▶ _What the exercise asks_: State how many lines of the records include the word "this"; the reply is that number alone.

——

(* In the setting below, if $H_\varepsilon$ is $\mathcal R$-reversible with respect to $\mathcal R(q,p)=(Rq,-Rp)$, $R=\mathrm{diag}(-1,-1)$ (i.e. $X_{H_\varepsilon}\circ\mathcal R=-\mathcal RX_{H_\varepsilon}$), then $q_2\mapsto\mathcal L_\varepsilon(\pi,q_2)$ is an even function; moreover, if the loop is of type (B), then $q_2\mapsto L(\pi,q_2)$ is an even function.
   Context: $\mathbb T^2=(\mathbb R/2\pi\mathbb Z)^2$; $H_\varepsilon=H+\varepsilon H_*$ on $T^*\mathbb T^2$, $H(q,p)=\tfrac12\langle B(q)p,p\rangle+V(q)$ with $B,V$ smooth, $2\pi$-periodic, $B$ symmetric positive definite, $\frac{\partial B}{\partial q_2}(q_1,0)=0$, $V$ with a nondegenerate maximum at $q=0$, $V(0)=0$; $H_*$ smooth, $2\pi$-periodic in $q$. $O=(0,0,0,0)$, $O_\varepsilon$ its continuation; $\gamma$ is a homoclinic orbit of $O$ for $H$ in $\{q_2=0\}$, $q_1$ increasing from $0$ to $2\pi$. Near $\gamma$, $W^u_\varepsilon$ is the graph $p=\nabla S^u_\varepsilon(q)$ on a neighbourhood of $\{0\le q_1\le\pi+a',q_2=0\}$ and the stable manifold of $O_\varepsilon$ near $O_\varepsilon$ is $p=\nabla S^s_\varepsilon(q)$ on a neighbourhood of $\{-\pi-a'\le q_1\le0,q_2=0\}$; $\widehat S^s_\varepsilon(q_1,q_2)=S^s_\varepsilon(q_1-2\pi,q_2)+\sigma_\varepsilon$ ($\sigma_\varepsilon$ a constant), and $\mathcal L_\varepsilon=S^u_\varepsilon-\widehat S^s_\varepsilon$ near $(\pi,0)$. Type (B): for $\varepsilon=0$, $S:=S^u_0=\widehat S^s_0$ (coinciding manifolds). Then $\check q(t,q)$ solves $\dot q=B(q)\nabla S(q)$, $\check q(0,q)=q$, $\check x(t,q)=(\check q(t,q),\nabla S(\check q(t,q)))$ and $L(q)=-\int_{-\infty}^{\infty}[H_*(\check x(t,q))-H_*(O)]\,dt$. *)

theory Defs
  imports "HOL-Analysis.Analysis"
begin

(* Configuration space: the lift R^2 of T^2 = (R/2piZ)^2, points q = (q1,q2).
   Phase space T^*T^2 lifted: x = (q,p). *)
type_synonym pt = "real \<times> real"
type_synonym st = "(real \<times> real) \<times> (real \<times> real)"

definition pd :: "('a::real_normed_vector \<Rightarrow> real) \<Rightarrow> 'a \<Rightarrow> 'a \<Rightarrow> real" where
  "pd f b x = deriv (\<lambda>t. f (x + t *\<^sub>R b)) 0"

definition grad :: "('a::euclidean_space \<Rightarrow> real) \<Rightarrow> 'a \<Rightarrow> 'a" where
  "grad f x = (\<Sum>b\<in>Basis. pd f b x *\<^sub>R b)"

(* C^infinity on an (open) set U: all iterated partial derivatives exist and are continuous;
   D l is the iterated partial derivative along the directions in the list l *)
definition smooth_on :: "'a::euclidean_space set \<Rightarrow> ('a \<Rightarrow> real) \<Rightarrow> bool" where
  "smooth_on U f \<longleftrightarrow>
     (\<exists>D :: 'a list \<Rightarrow> 'a \<Rightarrow> real. D [] = f \<and> (\<forall>l. continuous_on U (D l)) \<and>
        (\<forall>l x b. x \<in> U \<longrightarrow> b \<in> Basis \<longrightarrow>
            ((\<lambda>t. D l (x + t *\<^sub>R b)) has_real_derivative D (b # l) x) (at 0)))"

definition ham_vf :: "(st \<Rightarrow> real) \<Rightarrow> st \<Rightarrow> st" where
  "ham_vf F x = (snd (grad F x), - fst (grad F x))"

definition Rlin :: "pt \<Rightarrow> pt" where
  "Rlin q = (- fst q, - snd q)"

definition calR :: "st \<Rightarrow> st" where
  "calR x = (Rlin (fst x), - Rlin (snd x))"

definition reversible :: "(st \<Rightarrow> real) \<Rightarrow> bool" where
  "reversible F \<longleftrightarrow> (\<forall>x. ham_vf F (calR x) = - calR (ham_vf F x))"

(* H(q,p) = 1/2 <B(q)p,p> + V(q) ; B q is the linear map p \<mapsto> B(q)p *)
definition Ham :: "(pt \<Rightarrow> pt \<Rightarrow> pt) \<Rightarrow> (pt \<Rightarrow> real) \<Rightarrow> st \<Rightarrow> real" where
  "Ham B V x = (1/2) * inner (B (fst x) (snd x)) (snd x) + V (fst x)"

definition Heps :: "(pt \<Rightarrow> pt \<Rightarrow> pt) \<Rightarrow> (pt \<Rightarrow> real) \<Rightarrow> (st \<Rightarrow> real) \<Rightarrow> real \<Rightarrow> st \<Rightarrow> real" where
  "Heps B V Hs \<epsilon> x = Ham B V x + \<epsilon> * Hs x"

definition periodic2 :: "(pt \<Rightarrow> 'b) \<Rightarrow> bool" where
  "periodic2 f \<longleftrightarrow> (\<forall>q. f (q + (2*pi, 0)) = f q \<and> f (q + (0, 2*pi)) = f q)"

definition Wu_loc :: "(st \<Rightarrow> real) \<Rightarrow> st \<Rightarrow> st set \<Rightarrow> st set" where
  "Wu_loc F E N = {x. \<exists>y. y 0 = x \<and>
      (\<forall>t\<le>0. y t \<in> N \<and> (y has_vector_derivative ham_vf F (y t)) (at t within {..0})) \<and>
      (y \<longlongrightarrow> E) at_bot}"

definition Ws_loc :: "(st \<Rightarrow> real) \<Rightarrow> st \<Rightarrow> st set \<Rightarrow> st set" where
  "Ws_loc F E N = {x. \<exists>y. y 0 = x \<and>
      (\<forall>t\<ge>0. y t \<in> N \<and> (y has_vector_derivative ham_vf F (y t)) (at t within {0..})) \<and>
      (y \<longlongrightarrow> E) at_top}"

definition Shat :: "(pt \<Rightarrow> real) \<Rightarrow> real \<Rightarrow> pt \<Rightarrow> real" where
  "Shat Ss \<sigma> q = Ss (q - (2*pi, 0)) + \<sigma>"

definition Lcal :: "(pt \<Rightarrow> real) \<Rightarrow> (pt \<Rightarrow> real) \<Rightarrow> real \<Rightarrow> pt \<Rightarrow> real" where
  "Lcal Su Ss \<sigma> q = Su q - Shat Ss \<sigma> q"

definition typeB :: "(pt \<Rightarrow> real) \<Rightarrow> pt set \<Rightarrow> (pt \<Rightarrow> real) \<Rightarrow> pt set \<Rightarrow> real \<Rightarrow> bool" where
  "typeB Su Uu Ss Us \<sigma> \<longleftrightarrow>
     (\<forall>q \<in> Uu \<inter> (\<lambda>q. q + (2*pi, 0)) ` Us. Su q = Shat Ss \<sigma> q)"

definition Sglue :: "(pt \<Rightarrow> real) \<Rightarrow> pt set \<Rightarrow> (pt \<Rightarrow> real) \<Rightarrow> real \<Rightarrow> pt \<Rightarrow> real" where
  "Sglue Su Uu Ss \<sigma> q = (if q \<in> Uu then Su q else Shat Ss \<sigma> q)"

definition Sdom :: "pt set \<Rightarrow> pt set \<Rightarrow> pt set" where
  "Sdom Uu Us = Uu \<union> (\<lambda>q. q + (2*pi, 0)) ` Us"

definition Lmel :: "(st \<Rightarrow> real) \<Rightarrow> (real \<Rightarrow> pt \<Rightarrow> pt) \<Rightarrow> (pt \<Rightarrow> real) \<Rightarrow> pt \<Rightarrow> real" where
  "Lmel Hs qc S q = - integral UNIV (\<lambda>t. Hs (qc t q, grad S (qc t q)) - Hs ((0,0),(0,0)))"

end

theory Submission
  imports Defs
begin

text \<open>
  Reversibility means that calR(q,p) = (-q,p) maps trajectories to trajectories run
  backwards; since calR fixes the equilibrium, it carries the local unstable manifold onto
  the local stable one. For the generating functions this reads \<nabla>S_s(-q) = \<nabla>S_u(q), so
  q2 \<mapsto> S_u(\<pi>,q2) + S_s(-\<pi>,-q2) is constant, which is the evenness of Lcal(\<pi>,-).

  For L: by the Hamilton-Jacobi equation H(q,\<nabla>S(q)) = 0 and the symmetry of the Hessian of S,
  the curves t \<mapsto> (q(t), \<nabla>S(q(t))) solve Hamilton's equations. Reflecting the one through
  (\<pi>,q2) by calR, reversing time and translating by 2\<pi> gives a trajectory through the starting
  point of the one through (\<pi>,-q2); by uniqueness of solutions (the Hamiltonian vector field
  is locally Lipschitz) the two coincide. As H_* is periodic and, by reversibility of H_\<epsilon>
  and H, calR-invariant, the integrands defining L(\<pi>,q2) and L(\<pi>,-q2) are reflections of
  each other in t.
\<close>

section \<open>The reflection and reversibility\<close>

lemma calR_Pair [simp]: "calR (q, p) = (- q, p)"
  by (simp add: calR_def Rlin_def prod_eq_iff)

lemma calR_conv: "calR x = (- fst x, snd x)"
  by (cases x) simp

lemma bounded_linear_calR: "bounded_linear calR"
  unfolding calR_conv[abs_def]
  by (intro bounded_linear_Pair bounded_linear_minus bounded_linear_fst bounded_linear_snd)

lemma calR_minus: "calR (- x) = - calR x"
  by (simp add: calR_conv)

lemma calR_zero [simp]: "calR 0 = 0"
  by (simp add: calR_conv zero_prod_def)

lemma norm_calR [simp]: "norm (calR x) = norm x"
  by (cases x) (simp add: norm_Pair)

lemma has_vector_derivative_reflect:
  assumes "(y has_vector_derivative v) (at (- t) within uminus ` S)"
  shows "((\<lambda>t. y (- t)) has_vector_derivative - v) (at t within S)"
proof -
  have "(uminus has_vector_derivative (-1)) (at t within S)"
    by (auto intro!: derivative_eq_intros)
  from vector_diff_chain_within[OF this] assms show ?thesis
    by (simp add: o_def)
qed

lemma reversible_reflected_solution:
  assumes "reversible F"
    and "(y has_vector_derivative ham_vf F (y (- t))) (at (- t) within uminus ` S)"
  shows "((\<lambda>t. calR (y (- t))) has_vector_derivative ham_vf F (calR (y (- t)))) (at t within S)"
proof -
  have "((\<lambda>t. calR (y (- t))) has_vector_derivative calR (- ham_vf F (y (- t)))) (at t within S)"
    by (rule bounded_linear.has_vector_derivative[OF bounded_linear_calR
          has_vector_derivative_reflect[OF assms(2)]])
  moreover have "calR (- ham_vf F (y (- t))) = ham_vf F (calR (y (- t)))"
    using assms(1) unfolding reversible_def by (metis calR_minus)
  ultimately show ?thesis
    by simp
qed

——

▶ _Reply to the exercise_: 2